This article is excerpted from PyTorch, an introductory book for deep learning. This book starts with an introduction to artificial intelligence, understands the basic theory of machine learning and deep learning, and learns how to build a model using the PyTorch framework.
For humans, things that have been seen before will leave memories in their minds, although the memories will slowly disappear, but when reminded, people can often regain their memories.

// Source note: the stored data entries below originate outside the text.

definition sDisc :: "nat \<Rightarrow> complex poly \<Rightarrow> complex" where
  "sDisc k P = (let d = degree P; xs = root_list P in
     lead_coeff P ^ (2 * (d - k) - 2) *
     (\<Sum>I \<in> {I. I \<subseteq> {0..<d} \<and> card I = d - k}.
        \<Prod>p \<in> {(i, j). i \<in> I \<and> j \<in> I \<and> i < j}. (xs ! fst p - xs ! snd p) ^ 2))"

definition root_set :: "complex poly \<Rightarrow> complex set" where
  "root_set P = {x. poly P x = 0}"

definition sep :: "complex poly \<Rightarrow> complex \<Rightarrow> real" where
  "sep P v = Min {cmod (v - w) | w. w \<in> root_set P \<and> w \<noteq> v}"

end

theory Submission
  imports Defs "Jordan_Normal_Form.Determinant" "HOL-Computational_Algebra.Fundamental_Theorem_Algebra"
begin

(* Let R be the set of the r distinct roots of P. Scaling the row of v in the Vandermonde matrix
   of R by max(1,|v|)^-(r-1) puts all its entries into the unit disc, and turns its squared
   determinant into  prod_{v<>w} |v - w| / prod_v max(1,|v|)^(2(r-1)).  For v in V' let w be a
   nearest other root: subtracting a suitable multiple of the row of w from the row of v leaves a
   row whose k-th entry is at most k |v - w| or (r - 1 - k) |v - w|, so Hadamard's inequality
   bounds the squared determinant by  prod_{v in V'} sep(v)^2 * (r^3/3)^#V' * r^(r - #V').
   These row operations are unimodular only when every partner w lies on the same side of its v
   in a fixed ordering of R, so V' is split into two such halves and the two bounds multiplied.

   On the other side, only the index sets meeting every distinct root exactly once contribute to
   sDisc_{d-r}(P), whence  |sDisc_{d-r}(P)| <= |a_d|^(2(r-1)) * prod_j m_j * prod_{v<>w} |v - w|;
   finally  prod_j m_j <= 3^(min(d, 2d-2r)/3)  and  |a_d| * prod_v max(1,|v|) <= M(P). *)

section \<open>Determinants\<close>

lemma det_triangular:
  fixes A :: "'a :: comm_ring_1 mat"
  assumes A: "A \<in> carrier_mat n n"
    and tri: "(\<forall>i<n. \<forall>j<n. i < j \<longrightarrow> A $$ (i, j) = 0) \<or> (\<forall>i<n. \<forall>j<n. j < i \<longrightarrow> A $$ (i, j) = 0)"
  shows "Determinant.det A = (\<Prod>i<n. A $$ (i, i))"
proof -
  have "Determinant.det A = prod_list (diag_mat A)"
    using tri
  proof
    assume "\<forall>i<n. \<forall>j<n. j < i \<longrightarrow> A $$ (i, j) = 0"
    then show ?thesis
      by (intro det_upper_triangular[OF _ A]) (use A in \<open>auto simp: upper_triangular_def\<close>)
  qed (auto intro!: det_lower_triangular[OF _ A])
  then show ?thesis
    using A by (simp add: prod_list_diag_prod atLeast0LessThan)
qed

lemma det_scale_rows:
  fixes A :: "'a :: comm_ring_1 mat"
  assumes A: "A \<in> carrier_mat n n"
  shows "Determinant.det (mat n n (\<lambda>(i, k). c i * A $$ (i, k))) = (\<Prod>i<n. c i) * Determinant.det A"
proof -
  define D where "D = mat n n (\<lambda>(i, j). if i = j then c i else 0)"
  have D: "D \<in> carrier_mat n n" unfolding D_def by auto
  have "mat n n (\<lambda>(i, k). c i * A $$ (i, k)) = D * A"
  proof (rule eq_matI)
    fix i k assume "i < dim_row (D * A)" "k < dim_col (D * A)"
    then have i: "i < n" and k: "k < n" using A D by auto
    have "(D * A) $$ (i, k) = (\<Sum>j\<in>{0..<n}. (if j = i then c i * A $$ (i, k) else 0))"
      using i k A D by (simp add: scalar_prod_def D_def if_distrib[of "\<lambda>x. x * _"] cong: if_cong)
    then show "mat n n (\<lambda>(i, k). c i * A $$ (i, k)) $$ (i, k) = (D * A) $$ (i, k)"
      using i k by simp
  qed (use A D in auto)
  moreover have "Determinant.det D = (\<Prod>i<n. c i)"
    using det_triangular[OF D] by (simp add: D_def)
  ultimately show ?thesis
    using det_mult[OF D A] by simp
qed

lemma det_eliminate_rows:
  fixes H :: "'a :: comm_ring_1 mat"
  assumes H: "H \<in> carrier_mat n n" and p: "\<And>i. i \<in> T \<Longrightarrow> p i < n"
    and ordered: "(\<forall>i\<in>T. i < p i) \<or> (\<forall>i\<in>T. p i < i)"
  shows "Determinant.det (mat n n (\<lambda>(i, k). H $$ (i, k) - (if i \<in> T then l i * H $$ (p i, k) else 0)))
    = Determinant.det H"
proof -
  define N where "N = mat n n (\<lambda>(i, j). if i = j then 1 else if i \<in> T \<and> j = p i then - l i else 0)"
  have N: "N \<in> carrier_mat n n" unfolding N_def by auto
  have p_ne: "p i \<noteq> i" if "i \<in> T" for i
    using ordered that by auto
  have "mat n n (\<lambda>(i, k). H $$ (i, k) - (if i \<in> T then l i * H $$ (p i, k) else 0)) = N * H"
  proof (rule eq_matI)
    fix i k assume "i < dim_row (N * H)" "k < dim_col (N * H)"
    then have i: "i < n" and k: "k < n" using N H by auto
    have "(N * H) $$ (i, k) = (\<Sum>j\<in>{0..<n}. (if j = i then H $$ (i, k) else 0) +
        (if j = p i \<and> i \<in> T then - l i * H $$ (j, k) else 0))"
      using i k N H p_ne[of i] by (auto simp: scalar_prod_def N_def intro!: sum.cong)
    also have "\<dots> = H $$ (i, k) - (if i \<in> T then l i * H $$ (p i, k) else 0)"
      using i p[of i] by (simp add: sum.distrib)
    finally show "mat n n (\<lambda>(i, k). H $$ (i, k) - (if i \<in> T then l i * H $$ (p i, k) else 0)) $$ (i, k)
        = (N * H) $$ (i, k)"
      using i k by simp
  qed (use N H in auto)
  moreover have "Determinant.det N = 1"
  proof -
    have "(\<forall>i<n. \<forall>j<n. i < j \<longrightarrow> N $$ (i, j) = 0) \<or> (\<forall>i<n. \<forall>j<n. j < i \<longrightarrow> N $$ (i, j) = 0)"
      using ordered
    proof
      assume "\<forall>i\<in>T. i < p i"
      then have "\<forall>i<n. \<forall>j<n. j < i \<longrightarrow> N $$ (i, j) = 0" by (auto simp: N_def)
      then show ?thesis ..
    next
      assume "\<forall>i\<in>T. p i < i"
      then have "\<forall>i<n. \<forall>j<n. i < j \<longrightarrow> N $$ (i, j) = 0" by (auto simp: N_def)
      then show ?thesis ..
    qed
    then show ?thesis
      using det_triangular[OF N] by (simp add: N_def)
  qed
  ultimately show ?thesis
    using det_mult[OF N H] by simp
qed

lemma det_mult_conjugate_transpose:
  assumes B: "B \<in> carrier_mat n n"
  shows "Determinant.det (B * map_mat cnj (transpose_mat B)) = complex_of_real ((cmod (Determinant.det B))\<^sup>2)"
proof -
  interpret cnj: comm_ring_hom cnj
    by unfold_locales auto
  have "Determinant.det (map_mat cnj (transpose_mat B)) = cnj (Determinant.det B)"
    using det_transpose[OF B] by simp
  then show ?thesis
    using det_mult[OF B, of "map_mat cnj (transpose_mat B)"] B
    by (simp add: complex_mult_cnj cmod_power2 del: of_real_power)
qed

section \<open>Hadamard's inequality\<close>

definition cinner :: "nat \<Rightarrow> (nat \<Rightarrow> complex) \<Rightarrow> (nat \<Rightarrow> complex) \<Rightarrow> complex" where
  "cinner n x y = (\<Sum>k<n. x k * cnj (y k))"

definition csq_norm :: "nat \<Rightarrow> (nat \<Rightarrow> complex) \<Rightarrow> real" where
  "csq_norm n x = (\<Sum>k<n. (cmod (x k))\<^sup>2)"

lemma cinner_self: "cinner n x x = complex_of_real (csq_norm n x)"
  unfolding cinner_def csq_norm_def of_real_sum
  by (rule sum.cong) (auto simp: complex_mult_cnj cmod_power2 simp del: of_real_power)

lemma csq_norm_nonneg: "csq_norm n x \<ge> 0"
  unfolding csq_norm_def by (simp add: sum_nonneg)

lemma cinner_commute: "cinner n y x = cnj (cinner n x y)"
  unfolding cinner_def by (simp add: mult.commute)

lemma cinner_eq_0_if_csq_norm_eq_0:
  assumes "csq_norm n y = 0"
  shows "cinner n x y = 0"
proof -
  have "y k = 0" if "k < n" for k
    using assms that unfolding csq_norm_def by (subst (asm) sum_nonneg_eq_0_iff) auto
  then show ?thesis
    unfolding cinner_def by (auto intro!: sum.neutral)
qed

lemma cinner_diff_sum_left:
  "cinner n (\<lambda>k. x k - (\<Sum>j\<in>J. c j * y j k)) z = cinner n x z - (\<Sum>j\<in>J. c j * cinner n (y j) z)"
  unfolding cinner_def
  by (simp add: left_diff_distrib sum_subtractf sum_distrib_left sum_distrib_right mult.assoc
      sum.swap[of _ J])

text \<open>Gram--Schmidt orthogonalisation of the rows \<open>a 0, a 1, \<dots>\<close> of length \<open>n\<close>; no linear
  independence is needed, since a vector of norm zero gets the coefficient \<open>c / 0 = 0\<close>.\<close>

function gram_schmidt :: "nat \<Rightarrow> (nat \<Rightarrow> nat \<Rightarrow> complex) \<Rightarrow> nat \<Rightarrow> nat \<Rightarrow> complex" where
  "gram_schmidt n a i = (\<lambda>k. a i k -
     (\<Sum>j<i. cinner n (a i) (gram_schmidt n a j) / csq_norm n (gram_schmidt n a j)
        * gram_schmidt n a j k))"
  by auto

termination by (relation "Wellfounded.measure (\<lambda>(n, a, i). i)") auto

declare gram_schmidt.simps [simp del]

definition gram_schmidt_coeff :: "nat \<Rightarrow> (nat \<Rightarrow> nat \<Rightarrow> complex) \<Rightarrow> nat \<Rightarrow> nat \<Rightarrow> complex" where
  "gram_schmidt_coeff n a i j = cinner n (a i) (gram_schmidt n a j) / csq_norm n (gram_schmidt n a j)"

lemma gram_schmidt_eq:
  "gram_schmidt n a i = (\<lambda>k. a i k - (\<Sum>j<i. gram_schmidt_coeff n a i j * gram_schmidt n a j k))"
  by (subst gram_schmidt.simps) (simp add: gram_schmidt_coeff_def)

lemma gram_schmidt_orthogonal_lt:
  "l < i \<Longrightarrow> cinner n (gram_schmidt n a i) (gram_schmidt n a l) = 0"
proof (induction i arbitrary: l rule: less_induct)
  case (less i)
  let ?g = "gram_schmidt n a"
  have orth: "cinner n (?g j) (?g l) = 0" if "j < i" "j \<noteq> l" for j
  proof (cases "l < j")
    case True
    then show ?thesis using less.IH that by blast
  next
    case False
    then have "cinner n (?g l) (?g j) = 0" using less that by auto
    then show ?thesis by (subst cinner_commute) simp
  qed
  have "cinner n (?g i) (?g l)
      = cinner n (a i) (?g l) - (\<Sum>j<i. gram_schmidt_coeff n a i j * cinner n (?g j) (?g l))"
    by (subst gram_schmidt_eq) (rule cinner_diff_sum_left)
  also have "(\<Sum>j<i. gram_schmidt_coeff n a i j * cinner n (?g j) (?g l))
      = gram_schmidt_coeff n a i l * cinner n (?g l) (?g l)"
    using less.prems by (subst sum.remove[of _ l]) (auto simp: orth intro!: sum.neutral)
  also have "cinner n (a i) (?g l) - \<dots> = 0"
    by (cases "csq_norm n (?g l) = 0")
      (simp_all add: cinner_eq_0_if_csq_norm_eq_0 gram_schmidt_coeff_def cinner_self)
  finally show ?case .
qed

lemma gram_schmidt_orthogonal:
  "l \<noteq> i \<Longrightarrow> cinner n (gram_schmidt n a i) (gram_schmidt n a l) = 0"
  using gram_schmidt_orthogonal_lt[of l i] gram_schmidt_orthogonal_lt[of i l]
    cinner_commute[of n "gram_schmidt n a i" "gram_schmidt n a l"]
  by (cases "l < i") auto

lemma gram_schmidt_csq_norm_le: "csq_norm n (gram_schmidt n a i) \<le> csq_norm n (a i)"
proof -
  let ?g = "gram_schmidt n a"
  define s where "s = (\<lambda>k. \<Sum>j<i. gram_schmidt_coeff n a i j * ?g j k)"
  have a_eq: "a i = (\<lambda>k. ?g i k + s k)"
    using gram_schmidt_eq[of n a i] unfolding s_def by auto
  have "cinner n (?g i) s = (\<Sum>j<i. cnj (gram_schmidt_coeff n a i j) * cinner n (?g i) (?g j))"
    unfolding s_def cinner_def
    by (simp add: sum_distrib_left sum.swap[of _ "{..<i}"] mult.commute mult.left_commute)
  also have "\<dots> = 0"
    by (auto simp: gram_schmidt_orthogonal intro!: sum.neutral)
  finally have orth: "cinner n (?g i) s = 0" "cinner n s (?g i) = 0"
    using cinner_commute[of n s "?g i"] by simp_all
  have "cinner n (a i) (a i) = cinner n (?g i) (?g i) + cinner n s s + cinner n (?g i) s + cinner n s (?g i)"
    unfolding a_eq cinner_def by (simp add: algebra_simps sum.distrib)
  then have "csq_norm n (a i) = csq_norm n (?g i) + csq_norm n s"
    using orth by (simp add: cinner_self flip: of_real_add)
  then show ?thesis
    using csq_norm_nonneg[of n s] by simp
qed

In the study of neural networks, the research that made the model full of memory started very early. Saratha Sathasivam proposed the Hopefield network in 1982, but because of its difficulties, it did not have a good application scenario when it was proposed. Gradually forgotten. The rise of deep learning has led people to re-start research on the Recurrent Neural Network and has achieved great success in areas such as sequence problems and natural language processing.
This paper starts with the basic structure of the cyclic neural network, and introduces the application of RNN in natural language processing and its PyTorch implementation.
Recurrent neural networkThe previous chapter introduced the convolutional neural network, which is equivalent to human vision, but it does not have the ability to remember, so it can only deal with a specific visual task, and can't handle new tasks based on previous memories. . So is memory necessary for the network? Obviously it is necessary on some issues, for example, to infer a scene at the next point in a movie. This time it is not enough to rely on the current situation, it depends on the plot that happened before. For such problems that depend not only on the current situation but also on the past, the traditional neural network structure cannot be handled well, so the memory-based network model is indispensable.
The idea of ​​a cyclic neural network is based on the idea of ​​a memory model. It is expected that the network can remember the features that appear in the front, and infer the subsequent results based on the features, and the overall network structure continues to circulate because of the name of the cyclic neural network.
Basic structure of cyclic neural networkThe basic structure of a recurrent neural network is particularly simple, in which the output of the network is stored in a memory unit that enters the neural network along with the next input. Using a simple two-layer network as an example, on the basis of it is expanded to the structure of the cyclic neural network, which we simply use Figure 1.
It can be seen that the network will use the memory unit as input when inputting. The network not only outputs the result, but also saves the result to the memory unit. Figure 1 is a schematic diagram of the simplest cyclic neural network in one input.
The order of the input sequence changes, which changes the output of the network. This is because the existence of the memory unit causes the elements in the memory unit to change after the sequence changes, so the final output will be affected.
Figure 1 Passing a data point into the network
Figure 1 is a schematic diagram of a data point in the sequence coming into the network, then how is the entire sequence transmitted to the network? Each data point in the sequence is sequentially transmitted to the network, as shown in Figure 2.
Figure 2 passes the entire sequence to the network
No matter how long the sequence is, you can continuously enter the network and get the result. It may be seen here that the reader will have some questions. Is each network in Figure 2 an independent weight? For this problem, first consider the number of grids in Figure 2 if they are different sequences. For a network structure, it is unlikely that the number of such parameters will change.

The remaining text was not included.